Dems retook Congress only 4 years ago, in 2006; when Katrina struck in 2005, the GOP controlled the WH, House and Senate.

I totally hear you on the Dem elite/expert/technocrat thing...but I'm a little fuzzy on your juxtaposition b/w "ideas" and getting down to work. Surely there still need to be ideas and policy interventions guiding the work that needs to be done? I don't think the problem is just about ideas - it's the wrong ideas and less than we'd like to see on execution. Measly stimulus, no jobs bill, weakened financial re-regulation, etc. etc.

Anyway, I just am curious if you think "doers" are pp whose m.o. is to throw stuff up at the wall and see what sticks. That's not exactly reassuring...

I knew you would manage to poke at this piece's weakest links...

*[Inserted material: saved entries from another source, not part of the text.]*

(* Let $1\leq i<j\leq n$ and let $\sigma\in\mathfrak{S}_n$ be such that the letter $i$ is immediately followed by the letter $j$ in the word $\sigma(1)\cdots\sigma(n)$. Let $\tau=(ij)\circ\sigma$, i.e. the permutation whose word is obtained by exchanging these two consecutive letters $i,j$ (other letters unchanged). Then $E(\Psi_n(\tau))=E(\Psi_n(\sigma))\setminus\{(i,j)\}$.
   Context: For $\sigma\in\mathfrak{S}_n$, $\Psi_n(\sigma)$ is the double poset on $\{1,\ldots,n\}$ with $a\leq_h b$ iff ($a\leq b$ and $\sigma^{-1}(a)\leq\sigma^{-1}(b)$), and $a\leq_r b$ iff ($a\leq b$ and $\sigma^{-1}(a)\geq\sigma^{-1}(b)$). For a double poset $P$, $E(P)=\{(a,b)\in P^2\mid a<_h b\}$. *)

theory Defs
  imports "HOL-Combinatorics.Combinatorics"
begin

definition Psi_h_le :: "nat \<Rightarrow> (nat \<Rightarrow> nat) \<Rightarrow> nat \<Rightarrow> nat \<Rightarrow> bool" where
  "Psi_h_le n \<sigma> a b \<longleftrightarrow> a \<in> {1..n} \<and> b \<in> {1..n} \<and> a \<le> b \<and> inv \<sigma> a \<le> inv \<sigma> b"

definition Psi_r_le :: "nat \<Rightarrow> (nat \<Rightarrow> nat) \<Rightarrow> nat \<Rightarrow> nat \<Rightarrow> bool" where
  "Psi_r_le n \<sigma> a b \<longleftrightarrow> a \<in> {1..n} \<and> b \<in> {1..n} \<and> a \<le> b \<and> inv \<sigma> a \<ge> inv \<sigma> b"

definition E_Psi :: "nat \<Rightarrow> (nat \<Rightarrow> nat) \<Rightarrow> (nat \<times> nat) set" where
  "E_Psi n \<sigma> = {(a, b). Psi_h_le n \<sigma> a b \<and> a \<noteq> b}"

end

theory Submission
  imports Defs
begin

text \<open>Taking inverses, \<open>\<tau>\<^sup>-\<^sup>1 = \<sigma>\<^sup>-\<^sup>1 \<circ> (i j)\<close>: the letters \<open>i\<close> and \<open>j\<close> exchange their
  positions \<open>k\<close> and \<open>k + 1\<close>, all other positions stay. As no position lies strictly between
  \<open>k\<close> and \<open>k + 1\<close>, the relative order of positions changes only for the pair \<open>{i, j}\<close>,
  so \<open>(i, j)\<close> is the only pair that leaves the first order.\<close>

lemma inv_transpose_comp:
  assumes "bij \<sigma>"
  shows "inv (Transposition.transpose i j \<circ> \<sigma>) = inv \<sigma> \<circ> Transposition.transpose i j"
  using assms by (simp add: o_inv_distrib bij_transpose)

lemma adjacent_transpose_order_iff:
  fixes p :: "'a \<Rightarrow> nat"
  assumes "inj p" and "p i = k" and "p j = Suc k" and "{a, b} \<noteq> {i, j}"
  shows "p (Transposition.transpose i j a) \<le> p (Transposition.transpose i j b) \<longleftrightarrow> p a \<le> p b"
proof -
  have other: "p c \<noteq> k \<and> p c \<noteq> Suc k" if "c \<noteq> i" "c \<noteq> j" for c
    using that assms(1-3) by (metis injD)
  show ?thesis
    using other[of a] other[of b] assms(2-4)
    by (auto simp: transpose_def split: if_splits)
qed

theorem lemma12:
  fixes n i j :: nat and \<sigma> :: "nat \<Rightarrow> nat"
  assumes "1 \<le> i" and "i < j" and "j \<le> n"
    and "\<sigma> permutes {1..n}"
    and "\<exists>k. 1 \<le> k \<and> k < n \<and> \<sigma> k = i \<and> \<sigma> (Suc k) = j"
  shows "E_Psi n (Transposition.transpose i j \<circ> \<sigma>) = E_Psi n \<sigma> - {(i, j)}"
proof -
  obtain k where k: "\<sigma> k = i" "\<sigma> (Suc k) = j" using assms(5) by blast
  define p where "p = inv \<sigma>"
  have pi: "p i = k" and pj: "p j = Suc k"
    unfolding p_def using permutes_inv_eq[OF assms(4)] k by blast+
  have "inj p"
    unfolding p_def using permutes_inj[OF permutes_inv[OF assms(4)]] .
  have inv_\<tau>: "inv (Transposition.transpose i j \<circ> \<sigma>) = p \<circ> Transposition.transpose i j"
    unfolding p_def using inv_transpose_comp[OF permutes_bij[OF assms(4)]] .
  have "p (Transposition.transpose i j a) \<le> p (Transposition.transpose i j b) \<longleftrightarrow>
      p a \<le> p b \<and> (a, b) \<noteq> (i, j)"
    if "a \<le> b" "a \<noteq> b" for a b
  proof (cases "(a, b) = (i, j)")
    case True
    then show ?thesis using pi pj by auto
  next
    case False
    then have "{a, b} \<noteq> {i, j}"
      using that assms(2) by (auto simp: doubleton_eq_iff)
    then show ?thesis
      using adjacent_transpose_order_iff[OF \<open>inj p\<close> pi pj] False by simp
  qed
  then show ?thesis
    unfolding E_Psi_def Psi_h_le_def inv_\<tau> p_def[symmetric] by auto
qed

end
(* Let $\Phi_1,\Phi_2$ be two convex growth functions with $\Phi_2\in \mathscr{U}$. Let $s>0$ and let $\mu$ be a positive Borel measure on $\mathbb{C}_+$. Then the following assertions are equivalent. (a) There is a constant $C>0$ such that for any finite interval $I\subset\mathbb{R}$, $\mu(Q_I)\le \dfrac{C}{\Phi_2\circ\Phi_1^{-1}\left(\frac{1}{|I|^s}\right)}$. (b) There exists a constant $C>0$ such that $$\sup_{z=x+iy\in \mathbb{C}_+}\int_{\mathbb{C}_+}\Phi_2\left(\Phi_1^{-1}\left(\frac{1}{y^s}\right)\frac{y^{2s}}{|z-\bar{w}|^{2s}}\right)d\mu(w)\le C<\infty.$$ Moreover, the (best) constants in (a) and (b) are equivalent.
   Context: $\mathbb{C}_+=\{x+iy: y>0\}$. A growth function is a continuous nondecreasing function from $[0,\infty)$ onto $[0,\infty)$; $\Phi^{-1}$ is its inverse. $\mathscr{U}^q$ ($q\ge1$) is the set of growth functions $\Phi$ with $\Phi(st)\le Ct^q\Phi(s)$ for $s>0,t\ge1$ and $t\mapsto\Phi(t)/t$ nondecreasing; $\mathscr{U}=\bigcup_{q\ge1}\mathscr{U}^q$. For an interval $I\subset\mathbb{R}$, $Q_I=\{x+iy:x\in I,0<y<|I|\}$. *)

theory Defs
  imports "HOL-Analysis.Analysis"
begin

definition growth_function :: "(real \<Rightarrow> real) \<Rightarrow> bool" where
  "growth_function \<Phi> \<longleftrightarrow>
     continuous_on {0..} \<Phi> \<and> mono_on {0..} \<Phi> \<and> \<Phi> ` {0..} = {0..}"

definition ginv :: "(real \<Rightarrow> real) \<Rightarrow> real \<Rightarrow> real" where
  "ginv \<Phi> = inv_into {0..} \<Phi>"

definition U_class :: "real \<Rightarrow> (real \<Rightarrow> real) \<Rightarrow> bool" where
  "U_class q \<Phi> \<longleftrightarrow> growth_function \<Phi> \<and>
     (\<exists>C. \<forall>s>0. \<forall>t\<ge>1. \<Phi> (s * t) \<le> C * t powr q * \<Phi> s) \<and>
     mono_on {0<..} (\<lambda>t. \<Phi> t / t)"

definition U_all :: "(real \<Rightarrow> real) \<Rightarrow> bool" where
  "U_all \<Phi> \<longleftrightarrow> (\<exists>q\<ge>1. U_class q \<Phi>)"

definition upper_half :: "complex set" where
  "upper_half = {z. Im z > 0}"

definition Qbox :: "real \<Rightarrow> real \<Rightarrow> complex set" where
  "Qbox a b = {z. a \<le> Re z \<and> Re z \<le> b \<and> 0 < Im z \<and> Im z < b - a}"

definition cond_a :: "(real \<Rightarrow> real) \<Rightarrow> (real \<Rightarrow> real) \<Rightarrow> real \<Rightarrow> complex measure \<Rightarrow> real \<Rightarrow> bool" where
  "cond_a \<Phi>1 \<Phi>2 s \<mu> C \<longleftrightarrow>
     (\<forall>a b. a < b \<longrightarrow>
        emeasure \<mu> (Qbox a b) \<le> ennreal (C / \<Phi>2 (ginv \<Phi>1 (1 / (b - a) powr s))))"

definition cond_b :: "(real \<Rightarrow> real) \<Rightarrow> (real \<Rightarrow> real) \<Rightarrow> real \<Rightarrow> complex measure \<Rightarrow> real \<Rightarrow> bool" where
  "cond_b \<Phi>1 \<Phi>2 s \<mu> C \<longleftrightarrow>
     (\<forall>z\<in>upper_half.
        (\<integral>\<^sup>+ w. ennreal (\<Phi>2 (ginv \<Phi>1 (1 / Im z powr s) *
             (Im z powr (2 * s) / cmod (z - cnj w) powr (2 * s)))) \<partial>\<mu>) \<le> ennreal C)"

end

(*
  (b) implies (a): test (b) at the point z = (a+b)/2 + i(b-a) above the box Q_I, I = [a,b].
  On Q_I the kernel y^(2s) / |z - conj w|^(2s) is at least 3^(-2s), and the upper type of
  Phi2 absorbs this constant.

  (a) implies (b): for fixed z = x + iy the boxes Q_k over [x - 2^k y, x + 2^k y] exhaust the
  half-plane, and outside Q_(k-1) the kernel is at most 2^(2s(1-k)). Concavity of the inverse
  of Phi1 and the dilation bound Phi2(x T) <= D (T + T^q) Phi2(x) turn condition (a) on the
  boxes Q_k into a convergent geometric series.
*)
theory Submission
  imports Defs
begin

lemma growth_function_nonneg: "growth_function P \<Longrightarrow> 0 \<le> x \<Longrightarrow> 0 \<le> P x"
  unfolding growth_function_def by auto

lemma growth_function_mono: "growth_function P \<Longrightarrow> 0 \<le> x \<Longrightarrow> x \<le> y \<Longrightarrow> P x \<le> P y"
  unfolding growth_function_def mono_on_def by auto

lemma growth_function_0:
  assumes "growth_function P"
  shows "P 0 = 0"
proof -
  have "(0::real) \<in> P ` {0..}"
    using assms unfolding growth_function_def by auto
  then obtain x where "0 \<le> x" "P x = 0" by auto
  then show ?thesis
    using growth_function_mono[OF assms, of 0 x] growth_function_nonneg[OF assms, of 0] by simp
qed

lemma
  assumes "growth_function P" "0 \<le> v"
  shows ginv_nonneg: "0 \<le> ginv P v" and growth_function_ginv: "P (ginv P v) = v"
proof -
  have "v \<in> P ` {0..}"
    using assms unfolding growth_function_def by auto
  then show "0 \<le> ginv P v" "P (ginv P v) = v"
    unfolding ginv_def using inv_into_into[of v P "{0..}"] f_inv_into_f[of v P "{0..}"] by auto
qed

lemma ginv_pos: "growth_function P \<Longrightarrow> 0 < v \<Longrightarrow> 0 < ginv P v"
  by (metis ginv_nonneg growth_function_0 growth_function_ginv less_eq_real_def less_irrefl)

lemma convex_growth_scale_le:
  assumes "growth_function P" "convex_on {0..} P" "0 \<le> l" "l \<le> 1" "0 \<le> x"
  shows "P (l * x) \<le> l * P x"
  using convex_onD[OF assms(2), of l 0 x] assms growth_function_0[OF assms(1)] by simp

lemma convex_growth_ginv_scale:
  assumes gf: "growth_function P" and cv: "convex_on {0..} P"
    and "0 < v" "0 < l" "l \<le> 1"
  shows "l * ginv P v \<le> ginv P (l * v)"
proof (rule ccontr)
  define x where "x = ginv P v"
  define y where "y = ginv P (l * v)"
  assume "\<not> l * ginv P v \<le> ginv P (l * v)"
  then have "y < l * x" unfolding x_def y_def by simp
  have Px: "P x = v" and Py: "P y = l * v" and "0 \<le> y"
    using assms by (auto simp: x_def y_def growth_function_ginv ginv_nonneg)
  have "0 < l * x" using \<open>0 \<le> y\<close> \<open>y < l * x\<close> by linarith
  then have "0 < x" using \<open>0 < l\<close> by (simp add: zero_less_mult_iff)
  have "y \<le> x"
    using \<open>y < l * x\<close> mult_right_mono[OF \<open>l \<le> 1\<close> less_imp_le[OF \<open>0 < x\<close>]] by linarith
  have "P y = P ((y / x) * x)" using \<open>0 < x\<close> by simp
  also have "\<dots> \<le> (y / x) * v"
    using convex_growth_scale_le[OF gf cv, of "y / x" x] \<open>0 \<le> y\<close> \<open>0 < x\<close> \<open>y \<le> x\<close> Px
    by (simp add: divide_le_eq)
  also have "\<dots> < l * v"
    using \<open>y < l * x\<close> \<open>0 < x\<close> \<open>0 < v\<close> by (simp add: divide_less_eq)
  finally show False using Py by simp
qed

lemma U_class_growth_function: "U_class q P \<Longrightarrow> growth_function P"
  unfolding U_class_def by simp

lemma U_class_pos:
  assumes U: "U_class q P" and "0 < t"
  shows "0 < P t"
proof (rule ccontr)
  have gf: "growth_function P" using U_class_growth_function[OF U] .
  assume "\<not> 0 < P t"
  then have Pt: "P t = 0" using growth_function_nonneg[OF gf, of t] \<open>0 < t\<close> by simp
  obtain D where D: "\<forall>s>0. \<forall>u\<ge>1. P (s * u) \<le> D * u powr q * P s"
    using U unfolding U_class_def by auto
  have "P x \<le> 0" if "0 \<le> x" for x
  proof (cases "x \<le> t")
    case True
    then show ?thesis using growth_function_mono[OF gf that True] Pt by simp
  next
    case False
    then show ?thesis using D[rule_format, of t "x / t"] \<open>0 < t\<close> Pt by simp
  qed
  moreover have "(1::real) \<in> P ` {0..}" using gf unfolding growth_function_def by auto
  ultimately show False by fastforce
qed

text \<open>Convexity controls dilations by \<open>T \<le> 1\<close>, the upper type \<open>q\<close> those by \<open>T \<ge> 1\<close>.\<close>

lemma U_class_convex_dilation_bound:
  assumes U: "U_class q P" and cv: "convex_on {0..} P"
  obtains D where "0 < D" "\<And>x T. 0 \<le> x \<Longrightarrow> 0 < T \<Longrightarrow> P (x * T) \<le> D * (T + T powr q) * P x"
proof -
  have gf: "growth_function P" using U_class_growth_function[OF U] .
  obtain D where D: "\<forall>s>0. \<forall>u\<ge>1. P (s * u) \<le> D * u powr q * P s"
    using U unfolding U_class_def by auto
  have "P (x * T) \<le> max D 1 * (T + T powr q) * P x" if "0 \<le> x" "0 < T" for x T
  proof -
    have Px: "0 \<le> P x" using growth_function_nonneg[OF gf \<open>0 \<le> x\<close>] .
    have "P (x * T) \<le> max D 1 * T * P x + max D 1 * T powr q * P x"
    proof (cases "T \<le> 1")
      case True
      then have "P (x * T) \<le> T * P x"
        using convex_growth_scale_le[OF gf cv, of T x] \<open>0 \<le> x\<close> \<open>0 < T\<close> by (simp add: mult.commute)
      also have "\<dots> \<le> max D 1 * T * P x"
        using Px \<open>0 < T\<close> by (simp add: mult_right_mono)
      finally show ?thesis using Px by (simp add: add_increasing2)
    next
      case False
      then have "P (x * T) \<le> D * T powr q * P x"
        using D \<open>0 \<le> x\<close> growth_function_0[OF gf] by (cases "x = 0") auto
      also have "\<dots> \<le> max D 1 * T powr q * P x"
        using Px by (simp add: mult_right_mono)
      finally show ?thesis using Px \<open>0 < T\<close> by (simp add: add_increasing)
    qed
    then show ?thesis by (simp add: algebra_simps)
  qed
  then show thesis using that[of "max D 1"] by simp
qed

lemma
  assumes "sets M = sets (restrict_space borel upper_half)"
  shows space_eq_upper_half: "space M = upper_half"
    and Qbox_in_sets: "Qbox a b \<in> sets M"
proof -
  show "space M = upper_half"
    using sets_eq_imp_space_eq[OF assms] by (simp add: space_restrict_space)
  have "Qbox a b = {z. a \<le> Re z} \<inter> {z. Re z \<le> b} \<inter> {z. 0 < Im z} \<inter> {z. Im z < b - a}"
    unfolding Qbox_def by auto
  also have "\<dots> \<in> sets borel"
    by (intro sets.Int borel_closed borel_open closed_halfspace_Re_ge closed_halfspace_Re_le
        open_halfspace_Im_gt open_halfspace_Im_lt)
  finally have "Qbox a b \<in> sets borel" .
  moreover have "upper_half \<in> sets borel"
    unfolding upper_half_def by (simp add: borel_open open_halfspace_Im_gt)
  moreover have "Qbox a b \<subseteq> upper_half"
    unfolding Qbox_def upper_half_def by auto
  ultimately show "Qbox a b \<in> sets M"
    using assms sets_restrict_space_iff[of upper_half borel] by auto
qed

lemma emeasure_le_of_nn_integral_lower_bound:
  assumes "Q \<in> sets M" "0 < c" "\<And>w. w \<in> Q \<Longrightarrow> c \<le> f w"
    and "(\<integral>\<^sup>+ w. ennreal (f w) \<partial>M) \<le> ennreal C"
  shows "emeasure M Q \<le> ennreal (C / c)"
proof -
  have "ennreal c * emeasure M Q = (\<integral>\<^sup>+ w. ennreal c * indicator Q w \<partial>M)"
    using nn_integral_cmult_indicator[OF assms(1)] by simp
  also have "\<dots> \<le> (\<integral>\<^sup>+ w. ennreal (f w) \<partial>M)"
    using assms(3) by (intro nn_integral_mono) (auto simp: indicator_def ennreal_leI)
  also have "\<dots> \<le> ennreal C" by (rule assms(4))
  finally have "ennreal c * emeasure M Q \<le> ennreal C" .
  then have "ennreal (1 / c) * (ennreal c * emeasure M Q) \<le> ennreal (1 / c) * ennreal C"
    by (rule mult_left_mono) simp
  then show ?thesis
    using \<open>0 < c\<close> by (simp add: ennreal_mult'[symmetric] mult.assoc[symmetric] divide_ennreal)
qed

"Six years ago"? What was I thinking?... I think I was subtracting 2011 from 2005, or something; didn't we win back the Senate in 2004? Just Kidding (JK, as they say). :) Total slip of the typing fingers... and a good catch.

In terms of what I mean by "concrete" or "practical" "doers"... I mean, there's the whole problem in a nutshell, right? I mean you could argue,as some do (notably, I'd guess, say, a Howard Dean or Tom Daschle), that healthcare "reform" is just chock full of practical and concrete... and yet that new law is example one of the problem, rather than solution...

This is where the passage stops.